DIRECTIONS.
Say how many lines in the entries hold the word "obtain", and reply with that number only.

====== RECORDS TO PROCESS

text \<open>
  Union bound plus Chernoff bound. The detector can only err on \<open>s\<close> when some other codeword
  \<open>s'\<close> is at least as likely, so the conditional error is at most the sum of the pairwise
  probabilities \<open>P(\<Lambda>(s') \<ge> \<Lambda>(s))\<close>. In an SCW code all codewords have the same symbol sum,
  hence the same total Poisson rate, so the factors \<open>exp(-\<lambda>[k])\<close> cancel and the likelihood
  ratio is \<open>exp(\<Sum>k. r[k] \<varpi>[k])\<close>. Bounding the indicator of \<open>\<Sum>k. r[k] \<varpi>[k] \<ge> 0\<close> by
  \<open>exp(t \<Sum>k. r[k] \<varpi>[k])\<close> and using the independence of the \<open>r[k]\<close> together with the Poisson
  generating function \<open>E[q^r] = exp(\<lambda>(q - 1))\<close> gives the exponent.
\<close>

lemma nn_integral_poisson_power:
  fixes a q :: real
  assumes a: "a > 0" and q: "q \<ge> 0"
  shows "(\<integral>\<^sup>+ x. ennreal (q ^ x) \<partial>measure_pmf (poisson_pmf a)) = ennreal (exp (a * (q - 1)))"
proof -
  have sums: "(\<lambda>n. (a * q) ^ n / fact n * exp (- a)) sums (exp (a * q) * exp (- a))"
    using exp_converges[of "a * q"] by (intro sums_mult2) (simp add: divide_inverse mult.commute)
  have "(\<integral>\<^sup>+ x. ennreal (q ^ x) \<partial>measure_pmf (poisson_pmf a))
      = (\<integral>\<^sup>+ x. ennreal ((a * q) ^ x / fact x * exp (- a)) \<partial>count_space UNIV)"
    unfolding nn_integral_measure_pmf
    by (intro nn_integral_cong) (use a q in \<open>simp add: ennreal_mult'[symmetric] power_mult_distrib\<close>)
  also have "\<dots> = (\<Sum>x. ennreal ((a * q) ^ x / fact x * exp (- a)))"
    by (rule nn_integral_count_space_nat)
  also have "\<dots> = ennreal (\<Sum>x. (a * q) ^ x / fact x * exp (- a))"
    by (rule suminf_ennreal2) (use a q sums in \<open>auto simp: sums_iff\<close>)
  also have "(\<Sum>x. (a * q) ^ x / fact x * exp (- a)) = exp (a * (q - 1))"
    using sums_unique[OF sums] by (simp add: mult_exp_exp algebra_simps)
  finally show ?thesis .
qed

lemma likelihood_pos:
  assumes "\<And>k. k < K \<Longrightarrow> s k * cs + cn > 0"
  shows "likelihood cs cn K s r > 0"
  unfolding likelihood_def by (intro prod_pos) (use assms in \<open>auto simp: mult.commute\<close>)

lemma likelihood_ratio_equal_total_rate:
  assumes pos: "\<And>k. k < K \<Longrightarrow> s k * cs + cn > 0"
    and pos': "\<And>k. k < K \<Longrightarrow> s' k * cs + cn > 0"
    and sum_eq: "(\<Sum>k<K. s k) = (\<Sum>k<K. s' k)"
  shows "likelihood cs cn K s' r =
    likelihood cs cn K s r * exp (\<Sum>k<K. real (r k) * ln ((s' k * cs + cn) / (s k * cs + cn)))"
proof -
  define a where "a k = s k * cs + cn" for k
  define b where "b k = s' k * cs + cn" for k
  have factor: "(cs * s' k + cn) ^ r k * exp (- cs * s' k - cn) / fact (r k) =
      (cs * s k + cn) ^ r k * exp (- cs * s k - cn) / fact (r k)
        * exp (real (r k) * ln (b k / a k)) * exp (a k - b k)" if "k < K" for k
  proof -
    have "exp (real (r k) * ln (b k / a k)) = (b k / a k) ^ r k"
      using pos[OF that] pos'[OF that] by (simp add: exp_of_nat_mult a_def b_def)
    moreover have "exp (- cs * s k - cn) * exp (a k - b k) = exp (- cs * s' k - cn)"
      unfolding a_def b_def by (simp add: mult_exp_exp algebra_simps)
    moreover have "(cs * s k + cn) ^ r k * (b k / a k) ^ r k = (cs * s' k + cn) ^ r k"
      using pos[OF that] unfolding a_def b_def by (simp add: power_divide mult.commute)
    ultimately show ?thesis by (simp add: field_simps)
  qed
  have "likelihood cs cn K s' r = (\<Prod>k<K. (cs * s k + cn) ^ r k * exp (- cs * s k - cn) / fact (r k)
        * exp (real (r k) * ln (b k / a k)) * exp (a k - b k))"
    unfolding likelihood_def by (intro prod.cong refl factor) simp
  also have "\<dots> = likelihood cs cn K s r * exp (\<Sum>k<K. real (r k) * ln (b k / a k))
      * exp (\<Sum>k<K. a k - b k)"
    by (simp only: likelihood_def prod.distrib exp_sum finite_lessThan)
  also have "(\<Sum>k<K. a k - b k) = 0"
    unfolding a_def b_def sum_subtractf sum.distrib sum_distrib_right[symmetric] using sum_eq by simp
  finally show ?thesis by (simp add: a_def b_def)
qed

lemma pairwise_error_chernoff:
  fixes t :: real
  assumes pos: "\<And>k. k < K \<Longrightarrow> s k * cs + cn > 0"
    and pos': "\<And>k. k < K \<Longrightarrow> s' k * cs + cn > 0"
    and sum_eq: "(\<Sum>k<K. s k) = (\<Sum>k<K. s' k)"
    and t: "t \<ge> 0"
  shows "measure_pmf.prob (channel cs cn K s) {r. likelihood cs cn K s r \<le> likelihood cs cn K s' r}
    \<le> exp (\<Sum>k<K. (s k * cs + cn) * (exp (ln ((s' k * cs + cn) / (s k * cs + cn)) * t) - 1))"
proof -
  define w where "w k = ln ((s' k * cs + cn) / (s k * cs + cn))" for k
  define A where "A = {r. likelihood cs cn K s r \<le> likelihood cs cn K s' r}"
  define g where "g r = (\<Prod>k\<in>{0..<K}. exp (w k * t) ^ r k)" for r :: "nat \<Rightarrow> nat"
  have indicator_le: "indicator A r \<le> ennreal (g r)" for r
  proof (cases "r \<in> A")
    case True
    then have "likelihood cs cn K s r \<le> likelihood cs cn K s r * exp (\<Sum>k<K. real (r k) * w k)"
      using likelihood_ratio_equal_total_rate[OF pos pos' sum_eq, where r=r] unfolding A_def w_def by simp
    then have "0 \<le> t * (\<Sum>k<K. real (r k) * w k)"
      using likelihood_pos[OF pos, where r=r] t by simp
    then have "1 \<le> exp (t * (\<Sum>k<K. real (r k) * w k))" by simp
    also have "exp (t * (\<Sum>k<K. real (r k) * w k)) = g r"
      unfolding g_def sum_distrib_left lessThan_atLeast0
      by (simp add: exp_sum, intro prod.cong refl) (simp add: exp_of_nat_mult[symmetric] algebra_simps)
    finally show ?thesis using True by simp
  qed (simp add: g_def)
  have "emeasure (measure_pmf (channel cs cn K s)) A
      \<le> (\<integral>\<^sup>+ r. ennreal (g r) \<partial>measure_pmf (channel cs cn K s))"
    by (simp flip: nn_integral_indicator) (intro nn_integral_mono indicator_le)
  also have "\<dots> = (\<integral>\<^sup>+ r. (\<Prod>k\<in>{0..<K}. ennreal (exp (w k * t) ^ r k)) \<partial>measure_pmf (channel cs cn K s))"
    unfolding g_def by (intro nn_integral_cong prod_ennreal[symmetric]) auto
  also have "\<dots> = (\<Prod>k\<in>{0..<K}.
      \<integral>\<^sup>+ x. ennreal (exp (w k * t) ^ x) \<partial>measure_pmf (poisson_pmf (s k * cs + cn)))"
    unfolding channel_def by (rule nn_integral_prod_Pi_pmf) simp
  also have "\<dots> = (\<Prod>k\<in>{0..<K}. ennreal (exp ((s k * cs + cn) * (exp (w k * t) - 1))))"
    by (intro prod.cong refl nn_integral_poisson_power) (use pos in auto)
  also have "\<dots> = ennreal (exp (\<Sum>k<K. (s k * cs + cn) * (exp (w k * t) - 1)))"
    by (simp add: prod_ennreal exp_sum lessThan_atLeast0)
  finally show ?thesis unfolding measure_pmf.emeasure_eq_measure A_def w_def by simp
qed
lemma lru_faults_cached:
  assumes "distinct xs" "set xs \<subseteq> set c"
  shows "lru_faults k c (xs @ r) = lru_faults k (rev xs @ filter (\<lambda>p. p \<notin> set xs) c) r"
  using assms
proof (induction xs arbitrary: c)
  case Nil
  then show ?case by simp
next
  case (Cons x xs)
  have "filter (\<lambda>p. p \<notin> set xs) (x # removeAll x c) = x # filter (\<lambda>p. p \<notin> set (x # xs)) c"
    using Cons.prems(1) by (auto simp: removeAll_filter_not_eq intro!: filter_cong)
  moreover have "lru_faults k (x # removeAll x c) (xs @ r)
      = lru_faults k (rev xs @ filter (\<lambda>p. p \<notin> set xs) (x # removeAll x c)) r"
    using Cons.prems by (intro Cons.IH) auto
  ultimately show ?case using Cons.prems by simp
qed

lemma fifo_faults_cached:
  "set xs \<subseteq> set c \<Longrightarrow> fifo_faults k c (xs @ r) = fifo_faults k c r"
  by (induction xs) auto

lemma prefix_lru_step:
  assumes "prefix pre c" "p \<in> set pre \<or> length pre < k"
  shows "prefix (p # removeAll p pre) (lru_step k c p)"
proof -
  obtain suf where c: "c = pre @ suf" using assms(1) by (auto simp: prefix_def)
  show ?thesis
  proof (cases "p \<in> set c")
    case True
    then show ?thesis using c by (simp add: lru_step_def)
  next
    case False
    then have "length pre < k" "removeAll p pre = pre" using assms(2) c by auto
    moreover have "suf \<noteq> []" if "length c \<ge> k" using that \<open>length pre < k\<close> c by auto
    ultimately show ?thesis using False c by (auto simp: lru_step_def butlast_append)
  qed
qed

fun walk :: "('a \<Rightarrow> 'a \<Rightarrow> bool) \<Rightarrow> 'a \<Rightarrow> 'a list \<Rightarrow> bool" where
  "walk E q [] \<longleftrightarrow> True"
| "walk E q (p # ps) \<longleftrightarrow> (q = p \<or> E q p) \<and> walk E p ps"

lemma in_LG_Cons_Cons:
  "in_LG V E (p # q # qs) \<longleftrightarrow> p \<in> V \<and> (p = q \<or> E p q) \<and> in_LG V E (q # qs)"
proof -
  have split: "(\<forall>i. P i) \<longleftrightarrow> P 0 \<and> (\<forall>i. P (Suc i))" for P :: "nat \<Rightarrow> bool"
    by (metis not0_implies_Suc)
  show ?thesis
    unfolding in_LG_def by (subst split) auto
qed

lemma in_LG_Cons_iff: "in_LG V E (p # ps) \<longleftrightarrow> set (p # ps) \<subseteq> V \<and> walk E p ps"
proof (induction ps arbitrary: p)
  case Nil
  then show ?case by (simp add: in_LG_def)
next
  case (Cons q qs)
  then show ?case by (auto simp: in_LG_Cons_Cons)
qed

lemma finite_diffs_LG:
  assumes "finite V"
  shows "finite {int (A I) - int (B I) | I. in_LG V E I \<and> length I = n}"
proof -
  have "{int (A I) - int (B I) | I. in_LG V E I \<and> length I = n}
      \<subseteq> (\<lambda>I. int (A I) - int (B I)) ` {I. set I \<subseteq> V \<and> length I = n}"
    unfolding in_LG_def by auto
  then show ?thesis
    using finite_lists_length_eq[OF assms] by (meson finite_imageI finite_subset)
qed

lemma Min_diff_le:
  assumes "finite V" "in_LG V E I"
  shows "Min_diff A B V E (length I) \<le> int (A I) - int (B I)"
  unfolding Min_diff_def using assms by (intro Min_le finite_diffs_LG) auto

lemma Min_diff_ge:
  assumes "finite V" "in_LG V E I"
    and "\<And>J. in_LG V E J \<Longrightarrow> length J = length I \<Longrightarrow> x \<le> real (A J) - real (B J)"
  shows "x \<le> real_of_int (Min_diff A B V E (length I))"
proof -
  let ?S = "{int (A J) - int (B J) | J. in_LG V E J \<and> length J = length I}"
  have "Min ?S \<in> ?S"
    using assms(2) by (intro Min_in finite_diffs_LG assms(1)) auto
  then show ?thesis
    unfolding Min_diff_def using assms(3) by auto
qed

lemma Min_ratio_ge:
  assumes "finite V" and long: "\<And>n. \<exists>I. in_LG V E I \<and> length I = n"
    and bound: "\<And>I. in_LG V E I \<Longrightarrow> a * real (length I) - b \<le> real (A I) - real (B I)"
  shows "ereal a \<le> Min_ratio A B V E"
proof -
  have "a - b / real n \<le> real_of_int (Min_diff A B V E n) / real n" if "n > 0" for n
  proof -
    obtain I where I: "in_LG V E I" "length I = n" using long by blast
    have "a * real n - b \<le> real_of_int (Min_diff A B V E (length I))"
      by (rule Min_diff_ge[OF assms(1) I(1)]) (use bound I(2) in fastforce)
    then have "(a * real n - b) / real n \<le> real_of_int (Min_diff A B V E n) / real n"
      using I(2) that by (simp add: divide_right_mono)
    then show ?thesis using that by (simp add: diff_divide_distrib)
  qed
  then have "liminf (\<lambda>n. ereal (a - b / real n)) \<le> Min_ratio A B V E"
    unfolding Min_ratio_def
    by (intro Liminf_mono) (auto simp: eventually_sequentially intro!: exI[of _ 1])
  moreover have "liminf (\<lambda>n. ereal (a - b / real n)) = ereal a"
    by (intro lim_imp_Liminf tendsto_ereal tendsto_eq_intros) auto
  ultimately show ?thesis by simp
qed

lemma affine_ratio_tendsto:
  fixes a b c d :: real
  assumes "d > 0" "c > 0"
  shows "(\<lambda>t. (a + b * real t) / (c + d * real t)) \<longlonglongrightarrow> b / d"
proof -
  have eq: "(a + b * real t) / (c + d * real t) = b / d + (a * d - b * c) / (d * (c + d * real t))"
    for t
  proof -
    define D where "D = c + d * real t"
    have "D > 0" unfolding D_def using assms by (simp add: add_pos_nonneg)
    then have "b / d + (a * d - b * c) / (d * D) = (b * D + (a * d - b * c)) / (d * D)"
      using assms by (simp add: field_simps)
    also have "b * D + (a * d - b * c) = d * (a + b * real t)"
      unfolding D_def by (simp add: algebra_simps)
    finally show ?thesis unfolding D_def[symmetric] using assms by simp
  qed
  have "filterlim (\<lambda>t. d * (c + d * real t)) at_top sequentially"
    using assms by real_asymp
  then have "(\<lambda>t. (a * d - b * c) / (d * (c + d * real t))) \<longlonglongrightarrow> 0"
    by (intro tendsto_divide_0[OF tendsto_const] filterlim_at_top_imp_at_infinity)
  then have "(\<lambda>t. b / d + (a * d - b * c) / (d * (c + d * real t))) \<longlonglongrightarrow> b / d + 0"
    by (intro tendsto_add tendsto_const)
  then show ?thesis unfolding eq by simp
qed

lemma Min_ratio_le:
  assumes "finite V" "d > 0" "c > 0"
    and "\<And>t. in_LG V E (I t)" "\<And>t. real (length (I t)) = c + d * real t"
    and "\<And>t. real (A (I t)) - real (B (I t)) \<le> a + b * real t"
  shows "Min_ratio A B V E \<le> ereal (b / d)"
proof -
  define f where "f n = ereal (real_of_int (Min_diff A B V E n) / real n)" for n
  define s where "s t = length (I t)" for t
  have "strict_mono s"
  proof (rule strict_monoI_Suc)
    fix t
    have "real (s t) < real (s (Suc t))" using assms(2,5) unfolding s_def by simp
    then show "s t < s (Suc t)" by simp
  qed
  then have "liminf f \<le> liminf (f \<circ> s)"
    by (rule liminf_subseq_mono)
  also have "\<dots> \<le> liminf (\<lambda>t. ereal ((a + b * real t) / (c + d * real t)))"
  proof (intro Liminf_mono always_eventually allI)
    fix t
    have "real_of_int (Min_diff A B V E (s t)) \<le> a + b * real t"
      using Min_diff_le[OF assms(1,4), of A B t] assms(6)[of t] unfolding s_def by linarith
    moreover have "c + d * real t > 0" using assms(2,3) by (simp add: add_pos_nonneg)
    ultimately show "(f \<circ> s) t \<le> ereal ((a + b * real t) / (c + d * real t))"
      unfolding f_def comp_def s_def assms(5) by (simp add: divide_right_mono)
  qed
  also have "\<dots> = ereal (b / d)"
    using affine_ratio_tendsto[OF assms(2,3)] by (intro lim_imp_Liminf) auto
  finally show ?thesis unfolding Min_ratio_def f_def .
qed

============

ANSWER.
2